Abstract

Highlights

  • Wnt signaling is involved in the osteogenic differentiation caused by co-exposure to F and As.
  • Silencing GSK3ß can inhibit osteogenic differentiation caused by co-exposure to F and As.
  • Silencing DKK1 cannot inhibit osteogenic differentiation caused by co-exposure to F and As.
  • The interaction between F and As of the Wnt signaling occurs mainly as antagonism.

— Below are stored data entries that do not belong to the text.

lemma AE_sum_\<sigma>2_minus_1_eq: "AE x in M. (\<Sum>l\<in>{1..n}. \<sigma>2 l x) - 1 = 4 / (real n)\<^sup>2 * W x - 1 / real n"
  using AE_\<sigma>2_eq AE_Q_eq
proof eventually_elim
  case (elim x)
  have "2 * (\<Sum>l\<in>{1..n}. real l) = real n * (real n + 1)"
    using double_gauss_sum_from_Suc_0[of n, where 'a=real] by simp
  then have gauss: "(\<Sum>l\<in>{1..n}. real l - 1) = real n * (real n - 1) / 2"
    by (simp add: sum_subtractf field_simps)
  have "(\<Sum>l\<in>{1..n}. Q l x) = (\<Sum>l\<in>{1..n}. real l - 1) + 2 * (\<Sum>l\<in>{1..n}. \<Sum>j\<in>{1..<l}. X j x)"
    using elim(2) by (simp add: sum.distrib sum_distrib_left)
  also have "\<dots> = real n * (real n - 1) / 2 + 2 * W x"
    unfolding gauss sum_prefix_sums ..
  finally have "(\<Sum>l\<in>{1..n}. 2 / (real n)\<^sup>2 * Q l x) = 2 / (real n)\<^sup>2 * (real n * (real n - 1) / 2 + 2 * W x)"
    by (simp only: sum_distrib_left[symmetric])
  moreover have "(\<Sum>l\<in>{1..n}. \<sigma>2 l x) = (\<Sum>l\<in>{1..n}. 2 / (real n)\<^sup>2 * Q l x)"
    using elim(1) by (intro sum.cong) auto
  ultimately show ?case
    using n_pos by (simp add: field_simps power2_eq_square)
qed

lemma nn_integral_sum_\<sigma>2_minus_1_sq_le:
  "(\<integral>\<^sup>+ x. ennreal (((\<Sum>l\<in>{1..n}. \<sigma>2 l x) - 1)\<^sup>2) \<partial>M) \<le> ennreal (32 / real p + 2 / (real n)\<^sup>2)"
proof -
  have bound: "(4 / (real n)\<^sup>2 * w - 1 / real n)\<^sup>2 \<le> 32 / (real n)^4 * w\<^sup>2 + 2 / (real n)\<^sup>2" for w
  proof -
    have "(4 / (real n)\<^sup>2 * w - 1 / real n)\<^sup>2 \<le> 2 * (4 / (real n)\<^sup>2 * w)\<^sup>2 + 2 * (1 / real n)\<^sup>2"
      by (rule power2_diff_le)
    also have "\<dots> = 32 / (real n)^4 * w\<^sup>2 + 2 / (real n)\<^sup>2"
      using n_pos by (simp add: field_simps power2_eq_square power4_eq_xxxx)
    finally show ?thesis .
  qed
  have "(\<integral>\<^sup>+ x. ennreal (((\<Sum>l\<in>{1..n}. \<sigma>2 l x) - 1)\<^sup>2) \<partial>M)
      \<le> (\<integral>\<^sup>+ x. ennreal (32 / (real n)^4 * (W x)\<^sup>2 + 2 / (real n)\<^sup>2) \<partial>M)"
  proof (rule nn_integral_mono_AE)
    show "AE x in M. ennreal (((\<Sum>l\<in>{1..n}. \<sigma>2 l x) - 1)\<^sup>2)
        \<le> ennreal (32 / (real n)^4 * (W x)\<^sup>2 + 2 / (real n)\<^sup>2)"
      using AE_sum_\<sigma>2_minus_1_eq
    proof eventually_elim
      case (elim x)
      show ?case unfolding elim by (intro ennreal_leI bound)
    qed
  qed
  also have "\<dots> = ennreal (\<integral>x. 32 / (real n)^4 * (W x)\<^sup>2 + 2 / (real n)\<^sup>2 \<partial>M)"
    by (intro nn_integral_eq_integral AE_I2 add_nonneg_nonneg mult_nonneg_nonneg
        Bochner_Integration.integrable_add integrable_mult_right integrable_W_sq integrable_const) auto
  also have "(\<integral>x. 32 / (real n)^4 * (W x)\<^sup>2 + 2 / (real n)\<^sup>2 \<partial>M)
      = 32 / (real n)^4 * (\<integral>x. (W x)\<^sup>2 \<partial>M) + 2 / (real n)\<^sup>2"
    using integrable_W_sq by (simp add: prob_space)
  also have "\<dots> \<le> ennreal (32 / (real n)^4 * ((real n)^4 / real p) + 2 / (real n)\<^sup>2)"
    using integral_W_sq_le by (intro ennreal_leI add_right_mono mult_left_mono) auto
  also have "\<dots> = ennreal (32 / real p + 2 / (real n)\<^sup>2)"
    using n_pos by simp
  finally show ?thesis .
qed

end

Chronic exposure to combined fluoride (F) and arsenic (As) continues to be a major public health problem worldwide, attracting the attention of an increasing number of researchers. While bone is the main target organ of syndrome of endemic arsenic poisoning and fluorosis (SEAF), the specific mechanism and targeted intervention remains uncertain. The first question in this study sought to determine the interaction of F and As on the Wnt signaling pathway and its role in osteogenic differentiation in the SEAF population. As can be seen from the data, with the increase in exposure to F, the content of Wnt signaling inhibitor Dickkopf-related protein 1 (DKK1) gradually decreased, but the expression of glycogen synthase kinase-3ß (GSK3ß), ?-catenin and the osteogenic differentiation indicators pro-collagen I alpha 1 (COL1A1) and bone alkaline phosphatase (BALP) were increased. Next, we grouped the SEAF population according to urinary As and found that As can upregulate the GSK3ß, ß-catenin level and the bone formation bio-marker BALP in serum. But the experiments did not detect any evidence that As can change the content of DKK1 in serum. To better understand the combined effects of F and As on the Wnt signaling pathway, we performed further interaction analysis. These results suggest that the interaction of F and As can inhibit the GSK3ß, ß-catenin, COL1A1 and BALP. And DKK1 is mainly manifested by the independent effect of F. To further study the role of DKK1 and GSK3ß in fluoride-arsenic pollution combined with osteogenic differentiation, we attempted to silence the DKK1 and GSK3ß gene in hFOB 1.19 cells. The results show that F, As alone and in combination exposure can up-regulate GSK catenin transcription and protein expression levels and down-regulate DKK1, and COL1A1 and ALP are significantly increased, after silenced the DKK1. The same results did not appear after silenced the GSK3ß. F and As alone and in combination exposure did not reverse the inhibition of GSK3ß and ß-catenin by GSK3ß silencing, and COL1A1 and ALP are significantly decreased. The results indicate that silencing GSK3ß instead of DKK1 can inhibit osteogenic differentiation caused by co-exposure to fluoride and arsenic. This study can provide a scientific basis for further understanding the causes of bone formation caused by F and As and the improvement of targeted intervention strategies.